Лейтенант, который воевал скорей всего меньше, чем Валентина, замялся, даже покраснел слегка, что не укрылось от зоркого глаза девушки.
– У меня нет такого приказа, если командир роты…
– Не тушуйся, лейтенант, — произнесла Валентина тихо, — никуда не денется твой командир. Беру ответственность на себя.
– А, чёрт с вами, — махнул рукой младший лейтенант.
Видавшая виды полуторка мчалась по истыканной воронками дороге, взбрыкивая на колдобинах. Девушки, сидевшие в кузове, едва успевали переброситься несколькими фразами, как очередной ухаб подбрасывал их и швырял в разные стороны.
– Женька, как тебе лейтенантик? — задорно спрашивала Валя.
– Ничего себе, симпатичный парень.
– Я уже выпытала, что он совсем недавно из училища, на год старше тебя.
– Хорошо, ну и что мне с того?
– Как что? Я же видела, какими глазами он на тебя смотрел, понравилась ты ему. Ещё бы. Такая красивая девушка любого с ума сведёт, — подмигнула Валя.
Женька действительно была хороша только что расцветшей юной красотой. Светлые волосы хорошо сочетались с круглым чистым девичьим лицом, с наполненными неразгаданной тайной зеленовато-карими глазами. Военная форма прекрасно сидела на стройной фигурке с тонкой талией и высокой грудью.

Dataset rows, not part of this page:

(* Let $C<\infty$. For each $n$, let $X_1,\dots,X_n$ be independent random variables taking values in $[0,1]$, where each $X_i$ has a continuous density $f_{X_i}$ with $\sup_x f_{X_i}(x)\le C$ ($C$ independent of $n$ and $i$). Let $X_{(1)}\le\dots\le X_{(n)}$ be the order statistics and $T=\min_{1\le i\le n-1}(X_{(i+1)}-X_{(i)})$. Then for every $\eta>0$ and every $x>0$, \[ \Pr\big(n^{2+\eta}T>x\big)\to1\quad(n\to\infty), \] i.e. $n^{2+\eta}T\to\infty$ in probability. *)

theory Defs
  imports "HOL-Probability.Probability"
begin

text \<open>Minimal spacing of a list of reals: sort the values (order statistics
  X_(1) <= ... <= X_(n)) and take the minimum of consecutive differences
  X_(i+1) - X_(i), 1 <= i <= n-1 (meaningful for length >= 2).\<close>
definition min_spacing :: "real list \<Rightarrow> real" where
  "min_spacing xs = (let ys = sort xs in Min {ys ! (i+1) - ys ! i | i. i + 1 < length ys})"

end

theory Submission
  imports Defs
begin

text \<open>If \<open>Y\<close> and \<open>Z\<close> are independent and \<open>Z\<close> has a density bounded by \<open>C\<close>, then
  conditionally on \<open>Y\<close> the variable \<open>Z\<close> must land in an interval of length \<open>2 e\<close> for
  \<open>\<bar>Y - Z\<bar> \<le> e\<close>, which has probability at most \<open>2 C e\<close>. A union bound over the fewer
  than \<open>n\<^sup>2\<close> pairs of indices shows that the minimal spacing exceeds \<open>e\<close> with probability
  at least \<open>1 - 2 C n\<^sup>2 e\<close>. For \<open>e = x / n powr (2 + \<eta>)\<close> this is \<open>1 - 2 C x n powr - \<eta>\<close>,
  which tends to \<open>1\<close>.\<close>

lemma sorted_wrt_symp_iff_nth:
  assumes "symp S"
  shows "sorted_wrt S xs \<longleftrightarrow> (\<forall>i<length xs. \<forall>j<length xs. i \<noteq> j \<longrightarrow> S (xs ! i) (xs ! j))"
  unfolding sorted_wrt_iff_nth_less
proof safe
  fix i j assume H: "\<forall>i j. i < j \<longrightarrow> j < length xs \<longrightarrow> S (xs ! i) (xs ! j)"
    and ij: "i < length xs" "j < length xs" "i \<noteq> j"
  show "S (xs ! i) (xs ! j)"
  proof (cases "i < j")
    case True
    then show ?thesis using H ij by blast
  next
    case False
    then have "S (xs ! j) (xs ! i)" using H ij by simp
    then show ?thesis by (rule sympD[OF assms])
  qed
qed auto

lemma sorted_wrt_symp_iff_distinct:
  assumes "symp S" "irreflp S"
  shows "sorted_wrt S xs \<longleftrightarrow> distinct xs \<and> (\<forall>a\<in>set xs. \<forall>b\<in>set xs. a \<noteq> b \<longrightarrow> S a b)"
proof (induction xs)
  case (Cons x xs)
  have "(\<forall>y\<in>set xs. S x y) \<longleftrightarrow> x \<notin> set xs \<and> (\<forall>y\<in>set xs. x \<noteq> y \<longrightarrow> S x y \<and> S y x)"
    using assms by (metis irreflpD sympD)
  with Cons show ?case by auto
qed simp

lemma sorted_wrt_sort_iff:
  assumes "symp S" "irreflp S"
  shows "sorted_wrt S (sort xs) \<longleftrightarrow> sorted_wrt S xs"
  using assms by (simp add: sorted_wrt_symp_iff_distinct)

lemma sorted_wrt_add_less_iff_abs_gt:
  fixes ys :: "real list"
  assumes "sorted ys" "0 \<le> e"
  shows "sorted_wrt (\<lambda>a b. a + e < b) ys \<longleftrightarrow> sorted_wrt (\<lambda>a b. e < \<bar>a - b\<bar>) ys"
  unfolding sorted_wrt_iff_nth_less
  using assms sorted_nth_mono[OF assms(1)] by (smt (verit) less_imp_le)

lemma min_spacing_gt_iff_sorted_wrt:
  assumes "2 \<le> length xs" "0 \<le> e"
  shows "e < min_spacing xs \<longleftrightarrow> sorted_wrt (\<lambda>a b. a + e < b) (sort xs)"
proof -
  let ?ys = "sort xs"
  have gaps: "{?ys ! (i+1) - ?ys ! i | i. i + 1 < length ?ys}
      = (\<lambda>i. ?ys ! (i+1) - ?ys ! i) ` {..<length xs - 1}"
    by force
  have "{..<length xs - 1} \<noteq> {}"
    using assms(1) by (simp add: lessThan_empty_iff)
  then have "e < min_spacing xs \<longleftrightarrow> (\<forall>i\<in>{..<length xs - 1}. e < ?ys ! (i+1) - ?ys ! i)"
    unfolding min_spacing_def Let_def gaps by (subst Min_gr_iff) simp_all
  also have "\<dots> \<longleftrightarrow> (\<forall>i. Suc i < length ?ys \<longrightarrow> ?ys ! i + e < ?ys ! Suc i)"
    by (auto simp: Ball_def less_diff_conv)
  also have "\<dots> \<longleftrightarrow> sorted_wrt (\<lambda>a b. a + e < b) ?ys"
    using assms(2) by (intro sorted_wrt_iff_nth_Suc_transp[symmetric]) (auto intro: transpI)
  finally show ?thesis .
qed

lemma min_spacing_gt_iff:
  assumes "2 \<le> length xs" "0 \<le> e"
  shows "e < min_spacing xs \<longleftrightarrow> (\<forall>i<length xs. \<forall>j<length xs. i \<noteq> j \<longrightarrow> e < \<bar>xs ! i - xs ! j\<bar>)"
proof -
  have far: "symp (\<lambda>a b :: real. e < \<bar>a - b\<bar>)" "irreflp (\<lambda>a b :: real. e < \<bar>a - b\<bar>)"
    using assms(2) by (auto intro!: sympI irreflpI)
  have "e < min_spacing xs \<longleftrightarrow> sorted_wrt (\<lambda>a b. e < \<bar>a - b\<bar>) (sort xs)"
    using assms by (simp add: min_spacing_gt_iff_sorted_wrt sorted_wrt_add_less_iff_abs_gt)
  also have "\<dots> \<longleftrightarrow> sorted_wrt (\<lambda>a b. e < \<bar>a - b\<bar>) xs"
    by (rule sorted_wrt_sort_iff[OF far])
  finally show ?thesis
    by (simp only: sorted_wrt_symp_iff_nth[OF far(1)])
qed

lemma (in prob_space) indep_var_from_indep_vars:
  assumes "indep_vars M' X I" "i \<in> I" "j \<in> I" "i \<noteq> j"
  shows "indep_var (M' i) (X i) (M' j) (X j)"
proof -
  have "indep_var (M' i) ((\<lambda>f. f i) \<circ> (\<lambda>\<omega>. restrict (\<lambda>k. X k \<omega>) {i}))
      (M' j) ((\<lambda>f. f j) \<circ> (\<lambda>\<omega>. restrict (\<lambda>k. X k \<omega>) {j}))"
    using assms
    by (intro indep_var_compose[of "PiM {i} M'" _ "PiM {j} M'"] indep_var_restrict
        measurable_component_singleton) auto
  then show ?thesis
    by (simp add: comp_def)
qed

lemma emeasure_distr_atLeastAtMost_le:
  assumes "distributed M lborel Z (\<lambda>x. ennreal (h x))" "\<And>x. h x \<le> C" "0 \<le> C" "a \<le> b"
  shows "emeasure (distr M borel Z) {a..b} \<le> ennreal (C * (b - a))"
proof -
  have "distr M borel Z = distr M lborel Z"
    by (rule distr_cong) simp_all
  then have "emeasure (distr M borel Z) {a..b} = (\<integral>\<^sup>+x. ennreal (h x) * indicator {a..b} x \<partial>lborel)"
    using assms(1) by (simp add: distributed_distr_eq_density emeasure_density distributed_borel_measurable)
  also have "\<dots> \<le> (\<integral>\<^sup>+x. ennreal C * indicator {a..b} x \<partial>lborel)"
    using assms(2) by (intro nn_integral_mono) (auto simp: indicator_def ennreal_leI)
  also have "\<dots> = ennreal (C * (b - a))"
    using assms(3,4) by (simp add: nn_integral_cmult_indicator ennreal_mult)
  finally show ?thesis .
qed

lemma (in prob_space) prob_abs_diff_le_bounded_density:
  assumes "indep_var borel Y borel Z"
    and "distributed M lborel Z (\<lambda>x. ennreal (h x))" "\<And>x. h x \<le> C" "0 \<le> C" "0 \<le> e"
  shows "prob {\<omega> \<in> space M. \<bar>Y \<omega> - Z \<omega>\<bar> \<le> e} \<le> 2 * C * e"
proof -
  have [measurable]: "Y \<in> borel_measurable M" "Z \<in> borel_measurable M"
    using indep_var_rv1[OF assms(1)] indep_var_rv2[OF assms(1)] by simp_all
  interpret Y: prob_space "distr M borel Y"
    by (rule prob_space_distr) simp
  interpret Z: prob_space "distr M borel Z"
    by (rule prob_space_distr) simp
  define S where "S = {p :: real \<times> real. \<bar>fst p - snd p\<bar> \<le> e}"
  have S: "S \<in> sets (borel \<Otimes>\<^sub>M borel)"
  proof -
    have "{p \<in> space (borel \<Otimes>\<^sub>M borel). \<bar>fst p - snd p\<bar> \<le> e} \<in> sets (borel \<Otimes>\<^sub>M borel)"
      by measurable
    then show ?thesis
      by (simp add: S_def space_pair_measure)
  qed
  have "emeasure M {\<omega> \<in> space M. \<bar>Y \<omega> - Z \<omega>\<bar> \<le> e}
      = emeasure (distr M (borel \<Otimes>\<^sub>M borel) (\<lambda>\<omega>. (Y \<omega>, Z \<omega>))) S"
    using S by (subst emeasure_distr) (auto simp: S_def intro!: arg_cong[where f="emeasure M"])
  also have "\<dots> = emeasure (distr M borel Y \<Otimes>\<^sub>M distr M borel Z) S"
    using assms(1) by (simp add: indep_var_distribution_eq)
  also have "\<dots> = (\<integral>\<^sup>+y. emeasure (distr M borel Z) (Pair y -` S) \<partial>distr M borel Y)"
    using S by (intro Z.emeasure_pair_measure_alt) (simp cong: sets_pair_measure_cong)
  also have "\<dots> \<le> (\<integral>\<^sup>+y. ennreal (2 * C * e) \<partial>distr M borel Y)"
  proof (rule nn_integral_mono)
    fix y
    have "Pair y -` S = {y - e..y + e}"
      by (auto simp: S_def)
    then show "emeasure (distr M borel Z) (Pair y -` S) \<le> ennreal (2 * C * e)"
      using emeasure_distr_atLeastAtMost_le[OF assms(2-4), of "y - e" "y + e"] assms(5) by (simp add: mult_ac)
  qed
  also have "\<dots> = ennreal (2 * C * e)"
    using Y.emeasure_space_1 by simp
  finally show ?thesis
    using assms(4,5) by (simp add: emeasure_eq_measure ennreal_le_iff)
qed

lemma (in prob_space) prob_min_spacing_gt_ge:
  fixes X :: "nat \<Rightarrow> 'a \<Rightarrow> real"
  assumes indep: "indep_vars (\<lambda>_. borel) X {..<n}"
    and dens: "\<And>i. i < n \<Longrightarrow> distributed M lborel (X i) (\<lambda>x. ennreal (h i x))"
    and bound: "\<And>i x. i < n \<Longrightarrow> h i x \<le> C"
    and "0 \<le> C" "2 \<le> n" "0 \<le> e"
  shows "1 - real n ^ 2 * (2 * C * e) \<le> prob {\<omega> \<in> space M. e < min_spacing (map (\<lambda>i. X i \<omega>) [0..<n])}"
proof -
  define P where "P = {p \<in> {..<n} \<times> {..<n}. fst p \<noteq> snd p}"
  define E where "E p = {\<omega> \<in> space M. \<bar>X (fst p) \<omega> - X (snd p) \<omega>\<bar> \<le> e}" for p
  have "finite P"
    by (simp add: P_def)
  have E_events: "E p \<in> events" if "p \<in> P" for p
  proof -
    have "X i \<in> borel_measurable M" if "i < n" for i
      using distributed_measurable[OF dens[OF that]] by simp
    then have [measurable]: "X (fst p) \<in> borel_measurable M" "X (snd p) \<in> borel_measurable M"
      using that by (auto simp: P_def)
    show ?thesis
      unfolding E_def by measurable
  qed
  have "{\<omega> \<in> space M. e < min_spacing (map (\<lambda>i. X i \<omega>) [0..<n])} = space M - (\<Union>p\<in>P. E p)"
    using assms(5,6) by (auto simp: min_spacing_gt_iff P_def E_def not_le) (meson not_less)
  then have "prob {\<omega> \<in> space M. e < min_spacing (map (\<lambda>i. X i \<omega>) [0..<n])} = 1 - prob (\<Union>p\<in>P. E p)"
    using E_events \<open>finite P\<close> by (simp add: prob_compl sets.finite_UN)
  moreover have "prob (E p) \<le> 2 * C * e" if "p \<in> P" for p
  proof -
    have "fst p < n" "snd p < n" "fst p \<noteq> snd p"
      using that by (auto simp: P_def)
    then show ?thesis
      unfolding E_def
      by (intro prob_abs_diff_le_bounded_density[OF indep_var_from_indep_vars[OF indep] dens bound])
        (use assms in auto)
  qed
  then have "prob (\<Union>p\<in>P. E p) \<le> real (card P) * (2 * C * e)"
    using E_events \<open>finite P\<close> sum_mono[of P "\<lambda>p. prob (E p)" "\<lambda>_. 2 * C * e"]
      finite_measure_subadditive_finite[of P E] by fastforce
  moreover have "real (card P) \<le> real n ^ 2"
  proof -
    have "card P \<le> card ({..<n} \<times> {..<n})"
      by (intro card_mono) (auto simp: P_def)
    then show ?thesis
      by (simp add: card_cartesian_product power2_eq_square flip: of_nat_mult)
  qed
  ultimately show ?thesis
    using assms(4,6) mult_right_mono[of "real (card P)" "real n ^ 2" "2 * C * e"] by simp
qed

lemma (in prob_space) prob_scaled_min_spacing_gt_ge:
  fixes X :: "nat \<Rightarrow> 'a \<Rightarrow> real"
  assumes "indep_vars (\<lambda>_. borel) X {..<n}"
    and "\<And>i. i < n \<Longrightarrow> distributed M lborel (X i) (\<lambda>x. ennreal (h i x))"
    and "\<And>i x. i < n \<Longrightarrow> h i x \<le> C"
    and "0 \<le> C" "2 \<le> n" "0 < x" "0 < s"
  shows "1 - 2 * C * x * real n ^ 2 / s
    \<le> prob {\<omega> \<in> space M. s * min_spacing (map (\<lambda>i. X i \<omega>) [0..<n]) > x}"
proof -
  have "1 - 2 * C * x * real n ^ 2 / s = 1 - real n ^ 2 * (2 * C * (x / s))"
    by simp
  also have "\<dots> \<le> prob {\<omega> \<in> space M. x / s < min_spacing (map (\<lambda>i. X i \<omega>) [0..<n])}"
    using assms(4-7) by (intro prob_min_spacing_gt_ge[OF assms(1-3)]) auto
  also have "{\<omega> \<in> space M. x / s < min_spacing (map (\<lambda>i. X i \<omega>) [0..<n])}
      = {\<omega> \<in> space M. s * min_spacing (map (\<lambda>i. X i \<omega>) [0..<n]) > x}"
    using \<open>0 < s\<close> by (simp add: pos_divide_less_eq mult.commute)
  finally show ?thesis .
qed

theorem lemma7:
  fixes C :: real
    and M :: "nat \<Rightarrow> 'a measure"
    and X :: "nat \<Rightarrow> nat \<Rightarrow> 'a \<Rightarrow> real"
    and f :: "nat \<Rightarrow> nat \<Rightarrow> real \<Rightarrow> real"
  assumes prob: "\<And>n. prob_space (M n)"
    and indep: "\<And>n. prob_space.indep_vars (M n) (\<lambda>_. borel) (X n) {..<n}"
    and range01: "\<And>n i \<omega>. i < n \<Longrightarrow> \<omega> \<in> space (M n) \<Longrightarrow> X n i \<omega> \<in> {0..1}"
    and dens: "\<And>n i. i < n \<Longrightarrow> distributed (M n) lborel (X n i) (\<lambda>x. ennreal (f n i x))"
    and dens_nonneg: "\<And>n i x. i < n \<Longrightarrow> 0 \<le> f n i x"
    and dens_cont: "\<And>n i. i < n \<Longrightarrow> continuous_on {0..1} (f n i)"
    and dens_bound: "\<And>n i x. i < n \<Longrightarrow> f n i x \<le> C"
  shows "\<forall>\<eta>>0. \<forall>x>0.
    (\<lambda>n. measure (M n) {\<omega> \<in> space (M n).
        real n powr (2 + \<eta>) * min_spacing (map (\<lambda>i. X n i \<omega>) [0..<n]) > x})
    \<longlonglongrightarrow> 1"
proof (intro allI impI)
  fix \<eta> x :: real
  assume "0 < \<eta>" "0 < x"
  define p where "p n = measure (M n) {\<omega> \<in> space (M n).
      real n powr (2 + \<eta>) * min_spacing (map (\<lambda>i. X n i \<omega>) [0..<n]) > x}" for n
  have "0 \<le> C"
    using dens_nonneg[of 0 1 0] dens_bound[of 0 1 0] by linarith
  have "1 - 2 * C * x * real n powr - \<eta> \<le> p n" if "2 \<le> n" for n
  proof -
    have "2 * C * x * real n ^ 2 / real n powr (2 + \<eta>) = 2 * C * x * real n powr - \<eta>"
      using that by (simp add: powr_add powr_minus_divide power2_eq_square)
    moreover have "1 - 2 * C * x * real n ^ 2 / real n powr (2 + \<eta>) \<le> p n"
      unfolding p_def using that
      by (intro prob_space.prob_scaled_min_spacing_gt_ge[OF prob indep dens dens_bound \<open>0 \<le> C\<close> _ \<open>0 < x\<close>])
        auto
    ultimately show ?thesis
      by (simp only:)
  qed
  then have "\<forall>\<^sub>F n in sequentially. 1 - 2 * C * x * real n powr - \<eta> \<le> p n"
    by (rule eventually_sequentiallyI)
  moreover have "\<forall>\<^sub>F n in sequentially. p n \<le> 1"
    using prob by (simp add: p_def prob_space.prob_le_1)
  moreover have "(\<lambda>n. 1 - 2 * C * x * real n powr - \<eta>) \<longlonglongrightarrow> 1 - 2 * C * x * 0"
    using \<open>0 < \<eta>\<close> by (intro tendsto_intros tendsto_neg_powr filterlim_real_sequentially) auto
  ultimately have "p \<longlonglongrightarrow> 1"
    using tendsto_sandwich[OF _ _ _ tendsto_const] by simp
  then show "(\<lambda>n. measure (M n) {\<omega> \<in> space (M n).
      real n powr (2 + \<eta>) * min_spacing (map (\<lambda>i. X n i \<omega>) [0..<n]) > x}) \<longlonglongrightarrow> 1"
    unfolding p_def .
qed

end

– Валюш, ты же знаешь, что я категорически против всех этих нежностей и любовей. Для нас главное — бить немца.
– Хорошо тебя научили, правильно, как с плаката цитируешь. Только жизнь, она под эти плакатные установки не подпадает. Сердцу не прикажешь.
Минуло два месяца. Августовская жара стала спадать. Дивизия готовилась к наступлению.
Валентина закрутила роман с капитаном — командиром батальона, в котором ей было поручено осуществлять связь с полком и дивизией. А Женька теперь всё время проводила со своим взводным — Виктором Белохвостиком, которого, несмотря на присвоение ему звания лейтенанта, звала Хвостиком.
– Слушай, Хвостик, а откуда у тебя такая смешная фамилия?
– Так я же из Украины, у нас самые причудливые фамилии есть. Рассказывают, что предок мой в стародавние времена носил вместо одежды шкуру от какого-то животного, на которой внизу сохранился маленький белый хвостик. В бою он шёл всегда впереди и тем, кто сзади него, хвостик служил ориентиром.
– Ой, как интересно, — раскрывала от удивления рот Женька, — а моего предка звали Никифор, от него и фамилия моя.
Однако в присутствии бойцов Женька и девятнадцатилетний лейтенант Белохвостик сохраняли официальные отношения.
Приказ о наступлении пришёл внезапно, и войска двинулись вперёд, взламывая оборону противника. Впереди был Днепр. Женька, водрузив на спину катушку с проводом, шла по грязи за бойцами, разматывая бесконечную чёрную ленту. Связь в наступлении играла важную роль.
Немцы отчаянно сопротивлялись, иногда переходя в контратаки. Женька вымоталась, едва успевая ремонтировать порванную снарядами и минами связь.
В один из дней недолгого затишья в блиндаж связистов ввалилась Валентина. Прямо с порога заявила:
– Беременная я.
Женька смотрела на неё округлившимися глазами.
– Сумасшедшая, тебя расстреляют!
– Ну что ты такое болтаешь, кто это меня расстреляет? За что? Вот собираюсь в тыл ехать, мой капитан письмо своим родственникам написал и мне вручил, чтобы я передала. И подарки, конечно. В письме просит принять меня и нашего будущего ребёнка. А он, как война кончится, приедет, и мы поженимся.
– Да что ты, Валюха, разве можно на войне рожать?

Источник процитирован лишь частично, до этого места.